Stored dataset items
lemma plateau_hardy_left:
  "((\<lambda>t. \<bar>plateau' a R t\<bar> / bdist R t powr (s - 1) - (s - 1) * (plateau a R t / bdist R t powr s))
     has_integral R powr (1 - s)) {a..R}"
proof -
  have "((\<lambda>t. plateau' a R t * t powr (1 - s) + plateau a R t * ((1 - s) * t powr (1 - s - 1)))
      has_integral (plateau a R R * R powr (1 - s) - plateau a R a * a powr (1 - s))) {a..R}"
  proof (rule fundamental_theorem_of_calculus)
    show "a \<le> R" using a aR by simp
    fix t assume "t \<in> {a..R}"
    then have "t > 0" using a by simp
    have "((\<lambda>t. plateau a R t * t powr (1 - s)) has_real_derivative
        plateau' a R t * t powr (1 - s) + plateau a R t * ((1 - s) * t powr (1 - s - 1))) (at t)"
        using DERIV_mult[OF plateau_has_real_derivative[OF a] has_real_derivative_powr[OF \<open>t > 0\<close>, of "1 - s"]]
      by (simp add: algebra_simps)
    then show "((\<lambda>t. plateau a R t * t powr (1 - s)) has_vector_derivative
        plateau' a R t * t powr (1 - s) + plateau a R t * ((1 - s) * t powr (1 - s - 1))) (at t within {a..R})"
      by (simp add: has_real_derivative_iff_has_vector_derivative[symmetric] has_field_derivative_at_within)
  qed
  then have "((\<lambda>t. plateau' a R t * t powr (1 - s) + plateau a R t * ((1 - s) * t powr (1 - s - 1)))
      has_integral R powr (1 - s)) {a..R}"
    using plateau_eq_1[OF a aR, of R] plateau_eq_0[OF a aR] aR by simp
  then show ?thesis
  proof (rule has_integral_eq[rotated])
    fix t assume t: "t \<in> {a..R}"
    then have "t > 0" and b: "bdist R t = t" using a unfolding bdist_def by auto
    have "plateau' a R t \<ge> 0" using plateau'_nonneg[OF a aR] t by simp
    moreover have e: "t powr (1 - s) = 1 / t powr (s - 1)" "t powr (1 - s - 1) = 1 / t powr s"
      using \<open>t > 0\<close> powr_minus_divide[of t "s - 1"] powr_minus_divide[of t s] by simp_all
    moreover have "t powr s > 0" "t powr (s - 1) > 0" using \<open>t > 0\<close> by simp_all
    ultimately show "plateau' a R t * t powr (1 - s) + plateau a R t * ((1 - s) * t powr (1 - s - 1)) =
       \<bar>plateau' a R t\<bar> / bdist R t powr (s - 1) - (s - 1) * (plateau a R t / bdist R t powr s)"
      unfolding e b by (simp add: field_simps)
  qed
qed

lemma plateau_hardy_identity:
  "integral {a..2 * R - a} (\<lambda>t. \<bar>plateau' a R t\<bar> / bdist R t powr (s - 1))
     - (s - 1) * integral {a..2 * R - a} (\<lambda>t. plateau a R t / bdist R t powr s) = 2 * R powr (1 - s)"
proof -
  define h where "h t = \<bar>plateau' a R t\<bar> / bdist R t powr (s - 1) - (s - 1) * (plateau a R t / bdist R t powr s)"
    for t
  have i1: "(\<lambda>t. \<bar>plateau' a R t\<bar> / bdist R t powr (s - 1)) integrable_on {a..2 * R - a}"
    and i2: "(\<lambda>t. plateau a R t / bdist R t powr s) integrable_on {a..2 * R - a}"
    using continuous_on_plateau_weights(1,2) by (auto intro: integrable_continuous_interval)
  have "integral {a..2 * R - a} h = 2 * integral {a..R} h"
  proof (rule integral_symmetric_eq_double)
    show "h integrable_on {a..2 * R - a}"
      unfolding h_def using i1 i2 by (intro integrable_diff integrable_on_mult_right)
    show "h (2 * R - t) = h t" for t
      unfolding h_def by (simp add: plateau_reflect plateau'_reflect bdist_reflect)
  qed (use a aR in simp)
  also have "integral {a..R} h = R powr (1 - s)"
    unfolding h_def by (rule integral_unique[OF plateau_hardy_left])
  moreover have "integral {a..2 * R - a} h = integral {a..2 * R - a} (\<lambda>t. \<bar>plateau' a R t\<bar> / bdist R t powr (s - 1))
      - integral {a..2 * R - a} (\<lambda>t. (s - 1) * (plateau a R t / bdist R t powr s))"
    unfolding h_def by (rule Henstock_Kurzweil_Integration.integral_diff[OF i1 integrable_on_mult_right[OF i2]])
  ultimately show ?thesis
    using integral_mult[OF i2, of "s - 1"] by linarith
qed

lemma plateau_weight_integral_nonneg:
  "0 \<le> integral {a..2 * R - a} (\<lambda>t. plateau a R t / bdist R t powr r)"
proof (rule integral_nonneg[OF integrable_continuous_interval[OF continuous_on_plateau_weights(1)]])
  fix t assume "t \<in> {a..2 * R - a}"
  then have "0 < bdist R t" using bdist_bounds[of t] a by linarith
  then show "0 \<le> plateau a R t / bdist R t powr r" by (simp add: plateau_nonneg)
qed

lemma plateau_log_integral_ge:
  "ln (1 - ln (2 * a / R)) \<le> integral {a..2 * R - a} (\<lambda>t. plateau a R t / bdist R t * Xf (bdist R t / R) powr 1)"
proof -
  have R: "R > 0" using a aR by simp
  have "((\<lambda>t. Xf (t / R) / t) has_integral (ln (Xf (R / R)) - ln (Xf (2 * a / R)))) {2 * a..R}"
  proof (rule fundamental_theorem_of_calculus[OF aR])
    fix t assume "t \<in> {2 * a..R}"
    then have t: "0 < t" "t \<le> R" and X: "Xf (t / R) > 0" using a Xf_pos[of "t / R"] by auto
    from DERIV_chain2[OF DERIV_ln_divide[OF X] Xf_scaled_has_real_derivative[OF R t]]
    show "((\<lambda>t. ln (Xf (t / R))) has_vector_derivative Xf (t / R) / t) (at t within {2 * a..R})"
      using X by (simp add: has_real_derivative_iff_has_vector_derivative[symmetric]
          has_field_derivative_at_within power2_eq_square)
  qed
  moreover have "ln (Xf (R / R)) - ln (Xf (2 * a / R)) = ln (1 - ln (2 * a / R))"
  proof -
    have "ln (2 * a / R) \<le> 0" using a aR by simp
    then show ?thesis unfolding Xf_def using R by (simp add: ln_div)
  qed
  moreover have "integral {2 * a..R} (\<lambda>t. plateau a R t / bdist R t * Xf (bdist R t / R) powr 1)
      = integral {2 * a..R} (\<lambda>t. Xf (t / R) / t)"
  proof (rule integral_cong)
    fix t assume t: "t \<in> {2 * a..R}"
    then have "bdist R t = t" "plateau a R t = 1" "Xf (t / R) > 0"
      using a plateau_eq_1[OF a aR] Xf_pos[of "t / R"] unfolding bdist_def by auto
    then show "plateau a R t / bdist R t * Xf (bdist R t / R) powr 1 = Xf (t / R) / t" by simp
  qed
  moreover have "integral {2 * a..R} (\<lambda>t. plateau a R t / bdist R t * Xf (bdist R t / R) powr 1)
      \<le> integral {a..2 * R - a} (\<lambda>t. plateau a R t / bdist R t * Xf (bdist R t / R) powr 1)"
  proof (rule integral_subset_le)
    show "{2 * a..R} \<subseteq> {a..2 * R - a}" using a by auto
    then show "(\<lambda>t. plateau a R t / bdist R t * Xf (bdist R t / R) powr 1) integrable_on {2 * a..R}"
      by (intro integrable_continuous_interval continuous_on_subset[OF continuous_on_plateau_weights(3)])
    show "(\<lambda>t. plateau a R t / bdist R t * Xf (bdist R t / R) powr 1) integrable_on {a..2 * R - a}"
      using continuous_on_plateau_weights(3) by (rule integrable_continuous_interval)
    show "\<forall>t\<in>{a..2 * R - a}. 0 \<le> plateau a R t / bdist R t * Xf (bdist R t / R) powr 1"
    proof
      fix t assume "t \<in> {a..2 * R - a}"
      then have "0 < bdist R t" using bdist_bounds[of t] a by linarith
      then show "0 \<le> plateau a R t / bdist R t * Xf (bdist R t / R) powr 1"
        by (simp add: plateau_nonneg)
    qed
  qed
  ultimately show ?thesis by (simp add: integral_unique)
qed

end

==

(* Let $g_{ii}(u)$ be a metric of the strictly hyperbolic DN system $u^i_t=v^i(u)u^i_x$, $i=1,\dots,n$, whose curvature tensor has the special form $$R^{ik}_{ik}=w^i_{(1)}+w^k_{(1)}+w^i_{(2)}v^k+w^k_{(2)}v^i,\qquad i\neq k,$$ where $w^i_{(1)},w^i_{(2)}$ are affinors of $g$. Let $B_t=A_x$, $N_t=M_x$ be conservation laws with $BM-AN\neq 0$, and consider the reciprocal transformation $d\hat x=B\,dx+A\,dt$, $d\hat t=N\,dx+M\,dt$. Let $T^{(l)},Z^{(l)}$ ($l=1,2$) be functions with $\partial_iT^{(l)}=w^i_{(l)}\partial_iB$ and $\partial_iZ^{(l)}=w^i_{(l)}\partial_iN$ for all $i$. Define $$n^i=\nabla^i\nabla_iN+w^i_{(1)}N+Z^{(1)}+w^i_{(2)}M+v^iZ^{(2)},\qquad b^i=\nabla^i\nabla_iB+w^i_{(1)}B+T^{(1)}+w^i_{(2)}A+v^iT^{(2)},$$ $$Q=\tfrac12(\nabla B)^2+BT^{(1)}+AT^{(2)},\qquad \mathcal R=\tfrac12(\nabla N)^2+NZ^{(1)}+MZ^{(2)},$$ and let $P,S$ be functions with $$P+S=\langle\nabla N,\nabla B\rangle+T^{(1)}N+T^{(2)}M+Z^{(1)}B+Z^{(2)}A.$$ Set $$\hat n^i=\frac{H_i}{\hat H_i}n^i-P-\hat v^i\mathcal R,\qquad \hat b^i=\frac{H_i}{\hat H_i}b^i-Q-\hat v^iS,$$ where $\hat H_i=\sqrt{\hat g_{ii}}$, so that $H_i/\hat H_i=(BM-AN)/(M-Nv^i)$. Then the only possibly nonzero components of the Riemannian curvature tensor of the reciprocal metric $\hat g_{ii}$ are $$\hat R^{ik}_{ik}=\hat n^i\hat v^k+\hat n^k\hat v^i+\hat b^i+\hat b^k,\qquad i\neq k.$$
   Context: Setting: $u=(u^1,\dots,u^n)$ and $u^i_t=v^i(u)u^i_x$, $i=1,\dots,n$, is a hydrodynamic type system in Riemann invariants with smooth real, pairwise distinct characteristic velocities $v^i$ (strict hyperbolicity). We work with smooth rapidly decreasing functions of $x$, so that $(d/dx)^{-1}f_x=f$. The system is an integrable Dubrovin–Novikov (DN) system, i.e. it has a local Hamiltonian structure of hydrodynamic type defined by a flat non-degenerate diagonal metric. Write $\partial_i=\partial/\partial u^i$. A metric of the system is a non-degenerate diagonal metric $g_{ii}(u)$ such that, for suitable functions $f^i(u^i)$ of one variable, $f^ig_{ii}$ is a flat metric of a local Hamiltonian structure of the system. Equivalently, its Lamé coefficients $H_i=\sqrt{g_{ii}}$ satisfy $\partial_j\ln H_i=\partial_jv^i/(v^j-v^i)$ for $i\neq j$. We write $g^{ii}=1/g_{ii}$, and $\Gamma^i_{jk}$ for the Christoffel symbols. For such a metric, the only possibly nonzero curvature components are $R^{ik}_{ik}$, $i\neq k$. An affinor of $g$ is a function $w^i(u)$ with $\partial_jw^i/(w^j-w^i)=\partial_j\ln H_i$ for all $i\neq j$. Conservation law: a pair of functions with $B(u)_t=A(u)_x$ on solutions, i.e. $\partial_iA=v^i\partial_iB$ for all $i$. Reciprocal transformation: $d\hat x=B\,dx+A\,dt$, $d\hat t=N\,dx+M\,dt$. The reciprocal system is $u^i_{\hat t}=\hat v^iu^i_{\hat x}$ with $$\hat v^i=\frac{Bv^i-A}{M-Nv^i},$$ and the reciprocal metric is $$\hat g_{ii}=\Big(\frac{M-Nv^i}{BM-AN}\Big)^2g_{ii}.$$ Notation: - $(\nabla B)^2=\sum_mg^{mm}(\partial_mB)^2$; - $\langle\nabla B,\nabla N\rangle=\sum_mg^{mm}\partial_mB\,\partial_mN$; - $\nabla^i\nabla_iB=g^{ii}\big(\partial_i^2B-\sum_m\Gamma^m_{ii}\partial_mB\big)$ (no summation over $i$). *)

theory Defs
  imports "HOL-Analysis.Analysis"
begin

==

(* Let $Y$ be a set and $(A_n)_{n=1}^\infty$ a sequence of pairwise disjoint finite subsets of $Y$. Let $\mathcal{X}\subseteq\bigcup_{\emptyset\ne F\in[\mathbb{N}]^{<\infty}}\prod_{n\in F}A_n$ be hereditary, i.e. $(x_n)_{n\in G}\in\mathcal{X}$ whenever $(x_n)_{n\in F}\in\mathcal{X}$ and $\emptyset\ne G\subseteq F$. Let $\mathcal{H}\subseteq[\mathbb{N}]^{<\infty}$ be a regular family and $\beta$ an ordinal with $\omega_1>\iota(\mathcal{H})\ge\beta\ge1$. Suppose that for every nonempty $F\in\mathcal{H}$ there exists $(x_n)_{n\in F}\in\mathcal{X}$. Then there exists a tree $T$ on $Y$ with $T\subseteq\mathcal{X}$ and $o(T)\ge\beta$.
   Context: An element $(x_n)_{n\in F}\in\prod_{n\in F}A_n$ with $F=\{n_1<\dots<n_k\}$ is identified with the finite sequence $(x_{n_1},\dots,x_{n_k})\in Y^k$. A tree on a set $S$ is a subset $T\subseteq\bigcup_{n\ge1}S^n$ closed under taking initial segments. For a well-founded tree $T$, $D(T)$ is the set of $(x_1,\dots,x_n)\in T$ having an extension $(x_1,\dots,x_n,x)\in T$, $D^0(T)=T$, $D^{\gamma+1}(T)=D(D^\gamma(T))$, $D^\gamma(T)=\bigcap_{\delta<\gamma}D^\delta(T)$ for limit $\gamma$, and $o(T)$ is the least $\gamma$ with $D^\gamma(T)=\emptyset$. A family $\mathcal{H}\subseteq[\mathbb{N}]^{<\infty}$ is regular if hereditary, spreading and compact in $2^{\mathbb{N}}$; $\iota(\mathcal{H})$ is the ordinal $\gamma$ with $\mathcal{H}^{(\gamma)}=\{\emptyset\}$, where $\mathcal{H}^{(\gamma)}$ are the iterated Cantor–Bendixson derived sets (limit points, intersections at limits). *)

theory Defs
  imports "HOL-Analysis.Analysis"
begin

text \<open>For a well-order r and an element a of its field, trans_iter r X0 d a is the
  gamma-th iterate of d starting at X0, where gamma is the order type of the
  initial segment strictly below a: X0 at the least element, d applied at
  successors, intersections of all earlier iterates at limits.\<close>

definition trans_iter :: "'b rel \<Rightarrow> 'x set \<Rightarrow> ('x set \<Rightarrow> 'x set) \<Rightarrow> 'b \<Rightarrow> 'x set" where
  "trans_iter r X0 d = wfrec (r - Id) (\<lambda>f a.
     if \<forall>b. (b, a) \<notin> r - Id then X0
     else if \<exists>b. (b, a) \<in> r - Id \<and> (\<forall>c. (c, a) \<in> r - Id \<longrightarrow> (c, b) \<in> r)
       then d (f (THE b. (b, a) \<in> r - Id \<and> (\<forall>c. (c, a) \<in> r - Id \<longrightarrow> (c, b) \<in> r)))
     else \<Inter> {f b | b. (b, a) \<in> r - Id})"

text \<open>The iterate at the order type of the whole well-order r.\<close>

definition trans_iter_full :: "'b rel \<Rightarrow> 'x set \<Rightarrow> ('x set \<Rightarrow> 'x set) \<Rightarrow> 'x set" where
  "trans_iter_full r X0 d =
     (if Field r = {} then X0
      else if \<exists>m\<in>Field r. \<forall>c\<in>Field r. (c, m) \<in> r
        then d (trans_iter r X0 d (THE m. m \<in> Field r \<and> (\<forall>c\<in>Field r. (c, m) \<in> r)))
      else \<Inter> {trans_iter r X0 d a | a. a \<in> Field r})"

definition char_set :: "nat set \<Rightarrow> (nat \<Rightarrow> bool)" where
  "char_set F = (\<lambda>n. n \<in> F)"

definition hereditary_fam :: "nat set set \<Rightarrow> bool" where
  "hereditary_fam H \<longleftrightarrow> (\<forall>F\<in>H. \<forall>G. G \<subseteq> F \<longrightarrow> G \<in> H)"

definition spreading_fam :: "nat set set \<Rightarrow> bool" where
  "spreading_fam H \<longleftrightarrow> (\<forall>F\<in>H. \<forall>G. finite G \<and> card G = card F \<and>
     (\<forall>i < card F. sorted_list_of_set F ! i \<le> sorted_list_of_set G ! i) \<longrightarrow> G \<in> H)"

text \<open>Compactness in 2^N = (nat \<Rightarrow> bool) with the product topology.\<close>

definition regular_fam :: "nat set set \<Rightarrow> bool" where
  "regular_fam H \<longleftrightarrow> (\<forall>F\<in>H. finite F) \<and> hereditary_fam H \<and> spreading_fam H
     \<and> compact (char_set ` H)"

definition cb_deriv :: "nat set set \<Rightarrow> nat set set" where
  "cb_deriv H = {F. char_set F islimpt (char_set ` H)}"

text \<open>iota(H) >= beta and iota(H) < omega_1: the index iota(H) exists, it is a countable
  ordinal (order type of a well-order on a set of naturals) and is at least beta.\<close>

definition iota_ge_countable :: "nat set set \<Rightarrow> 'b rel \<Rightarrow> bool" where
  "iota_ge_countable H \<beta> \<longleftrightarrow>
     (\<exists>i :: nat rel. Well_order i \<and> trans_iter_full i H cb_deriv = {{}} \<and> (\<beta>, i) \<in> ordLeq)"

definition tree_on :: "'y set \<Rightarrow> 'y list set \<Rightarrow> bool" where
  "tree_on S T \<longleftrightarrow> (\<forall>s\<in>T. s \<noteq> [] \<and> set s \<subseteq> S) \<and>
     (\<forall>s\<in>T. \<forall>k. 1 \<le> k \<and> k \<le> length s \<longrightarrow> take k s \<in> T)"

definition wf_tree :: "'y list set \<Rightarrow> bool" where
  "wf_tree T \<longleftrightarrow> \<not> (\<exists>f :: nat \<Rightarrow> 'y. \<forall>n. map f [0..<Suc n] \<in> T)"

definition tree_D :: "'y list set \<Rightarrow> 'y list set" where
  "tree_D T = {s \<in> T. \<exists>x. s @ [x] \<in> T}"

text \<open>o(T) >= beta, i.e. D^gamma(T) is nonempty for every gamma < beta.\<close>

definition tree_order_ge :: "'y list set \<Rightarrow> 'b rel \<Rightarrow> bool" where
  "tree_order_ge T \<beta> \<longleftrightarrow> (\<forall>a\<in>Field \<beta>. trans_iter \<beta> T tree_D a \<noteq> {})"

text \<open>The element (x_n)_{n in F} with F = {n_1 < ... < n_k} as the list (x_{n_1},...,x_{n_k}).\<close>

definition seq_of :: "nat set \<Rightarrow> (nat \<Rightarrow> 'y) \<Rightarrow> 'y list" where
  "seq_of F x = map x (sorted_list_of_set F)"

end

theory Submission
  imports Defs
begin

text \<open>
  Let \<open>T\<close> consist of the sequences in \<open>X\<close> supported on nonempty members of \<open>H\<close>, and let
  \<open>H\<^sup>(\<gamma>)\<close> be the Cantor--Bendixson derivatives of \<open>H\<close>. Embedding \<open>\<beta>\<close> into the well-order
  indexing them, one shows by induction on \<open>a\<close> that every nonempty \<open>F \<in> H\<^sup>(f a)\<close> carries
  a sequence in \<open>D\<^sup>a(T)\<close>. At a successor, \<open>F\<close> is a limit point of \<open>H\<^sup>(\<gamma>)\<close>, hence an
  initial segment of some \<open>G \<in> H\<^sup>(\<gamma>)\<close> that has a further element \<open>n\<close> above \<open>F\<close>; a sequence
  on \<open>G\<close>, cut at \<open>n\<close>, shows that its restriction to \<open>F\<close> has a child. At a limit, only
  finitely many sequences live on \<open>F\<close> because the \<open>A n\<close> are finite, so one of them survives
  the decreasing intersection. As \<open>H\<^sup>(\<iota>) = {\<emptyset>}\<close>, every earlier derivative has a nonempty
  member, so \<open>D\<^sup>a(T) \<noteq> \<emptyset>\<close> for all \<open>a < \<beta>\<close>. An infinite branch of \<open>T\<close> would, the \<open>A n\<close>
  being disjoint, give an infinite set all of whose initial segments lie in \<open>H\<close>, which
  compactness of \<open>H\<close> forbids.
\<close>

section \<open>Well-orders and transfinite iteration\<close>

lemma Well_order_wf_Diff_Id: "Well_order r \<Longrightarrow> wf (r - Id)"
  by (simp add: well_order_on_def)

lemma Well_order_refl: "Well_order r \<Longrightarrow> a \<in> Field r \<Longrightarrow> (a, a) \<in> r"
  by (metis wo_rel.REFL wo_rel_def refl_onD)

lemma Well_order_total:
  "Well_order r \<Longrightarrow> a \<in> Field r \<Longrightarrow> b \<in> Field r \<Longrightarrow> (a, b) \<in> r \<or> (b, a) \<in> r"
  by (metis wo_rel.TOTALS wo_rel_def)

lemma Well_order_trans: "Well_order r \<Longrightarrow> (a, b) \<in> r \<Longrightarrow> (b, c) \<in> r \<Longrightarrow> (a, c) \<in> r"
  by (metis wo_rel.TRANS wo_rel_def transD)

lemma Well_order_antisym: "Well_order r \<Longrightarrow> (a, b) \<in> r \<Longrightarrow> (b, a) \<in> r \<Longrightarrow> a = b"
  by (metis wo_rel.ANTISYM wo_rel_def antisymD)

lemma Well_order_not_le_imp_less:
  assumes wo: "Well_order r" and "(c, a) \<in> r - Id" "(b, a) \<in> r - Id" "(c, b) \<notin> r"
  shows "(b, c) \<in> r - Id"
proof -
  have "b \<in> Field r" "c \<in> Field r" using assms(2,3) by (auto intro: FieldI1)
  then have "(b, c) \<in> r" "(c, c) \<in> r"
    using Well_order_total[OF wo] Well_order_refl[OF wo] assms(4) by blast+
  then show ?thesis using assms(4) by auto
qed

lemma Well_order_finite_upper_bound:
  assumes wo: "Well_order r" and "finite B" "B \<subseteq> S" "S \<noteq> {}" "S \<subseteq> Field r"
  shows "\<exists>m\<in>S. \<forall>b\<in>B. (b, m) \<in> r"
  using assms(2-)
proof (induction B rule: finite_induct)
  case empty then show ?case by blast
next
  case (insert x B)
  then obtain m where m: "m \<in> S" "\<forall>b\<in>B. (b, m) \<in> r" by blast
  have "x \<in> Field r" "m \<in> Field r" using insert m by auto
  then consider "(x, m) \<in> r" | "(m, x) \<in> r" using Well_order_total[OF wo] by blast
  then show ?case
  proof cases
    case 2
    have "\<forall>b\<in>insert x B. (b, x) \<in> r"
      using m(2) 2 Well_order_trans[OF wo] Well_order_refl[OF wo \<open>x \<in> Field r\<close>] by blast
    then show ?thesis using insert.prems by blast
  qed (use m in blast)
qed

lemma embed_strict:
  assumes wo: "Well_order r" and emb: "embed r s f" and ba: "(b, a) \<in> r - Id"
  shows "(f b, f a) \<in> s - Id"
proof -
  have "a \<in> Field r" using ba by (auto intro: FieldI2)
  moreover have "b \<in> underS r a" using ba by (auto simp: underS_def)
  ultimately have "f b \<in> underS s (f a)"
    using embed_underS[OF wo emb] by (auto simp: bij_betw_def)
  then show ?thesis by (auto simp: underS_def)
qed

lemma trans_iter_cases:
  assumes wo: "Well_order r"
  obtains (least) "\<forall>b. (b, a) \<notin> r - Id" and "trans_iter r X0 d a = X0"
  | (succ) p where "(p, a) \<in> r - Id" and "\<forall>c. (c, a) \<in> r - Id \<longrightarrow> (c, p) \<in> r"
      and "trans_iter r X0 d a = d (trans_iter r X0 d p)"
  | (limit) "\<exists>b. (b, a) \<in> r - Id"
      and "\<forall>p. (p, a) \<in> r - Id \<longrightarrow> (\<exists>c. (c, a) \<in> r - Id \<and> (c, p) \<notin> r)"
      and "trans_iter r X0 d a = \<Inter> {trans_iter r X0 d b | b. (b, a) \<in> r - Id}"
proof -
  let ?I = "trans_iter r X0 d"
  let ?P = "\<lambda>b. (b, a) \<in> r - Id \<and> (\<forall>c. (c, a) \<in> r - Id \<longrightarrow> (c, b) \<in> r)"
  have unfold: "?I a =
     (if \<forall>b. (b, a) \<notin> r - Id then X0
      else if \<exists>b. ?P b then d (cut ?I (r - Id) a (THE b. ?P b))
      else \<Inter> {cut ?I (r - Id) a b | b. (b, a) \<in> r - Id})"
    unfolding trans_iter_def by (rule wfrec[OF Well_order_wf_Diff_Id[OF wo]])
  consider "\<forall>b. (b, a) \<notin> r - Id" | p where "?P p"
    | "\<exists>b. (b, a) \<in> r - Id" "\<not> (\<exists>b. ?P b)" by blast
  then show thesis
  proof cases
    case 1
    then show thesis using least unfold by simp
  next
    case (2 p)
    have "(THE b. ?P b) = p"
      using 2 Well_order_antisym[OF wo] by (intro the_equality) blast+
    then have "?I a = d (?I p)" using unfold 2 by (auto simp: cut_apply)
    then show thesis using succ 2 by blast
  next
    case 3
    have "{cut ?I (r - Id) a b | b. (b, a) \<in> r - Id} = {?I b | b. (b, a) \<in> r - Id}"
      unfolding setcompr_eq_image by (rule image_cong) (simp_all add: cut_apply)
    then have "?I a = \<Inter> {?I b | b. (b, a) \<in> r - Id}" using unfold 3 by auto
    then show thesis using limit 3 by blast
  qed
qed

## Exercise brief
Which of the lines above contain "sequences"? Return them all.

## Answer area
  Let \<open>T\<close> consist of the sequences in \<open>X\<close> supported on nonempty members of \<open>H\<close>, and let
  finitely many sequences live on \<open>F\<close> because the \<open>A n\<close> are finite, so one of them survives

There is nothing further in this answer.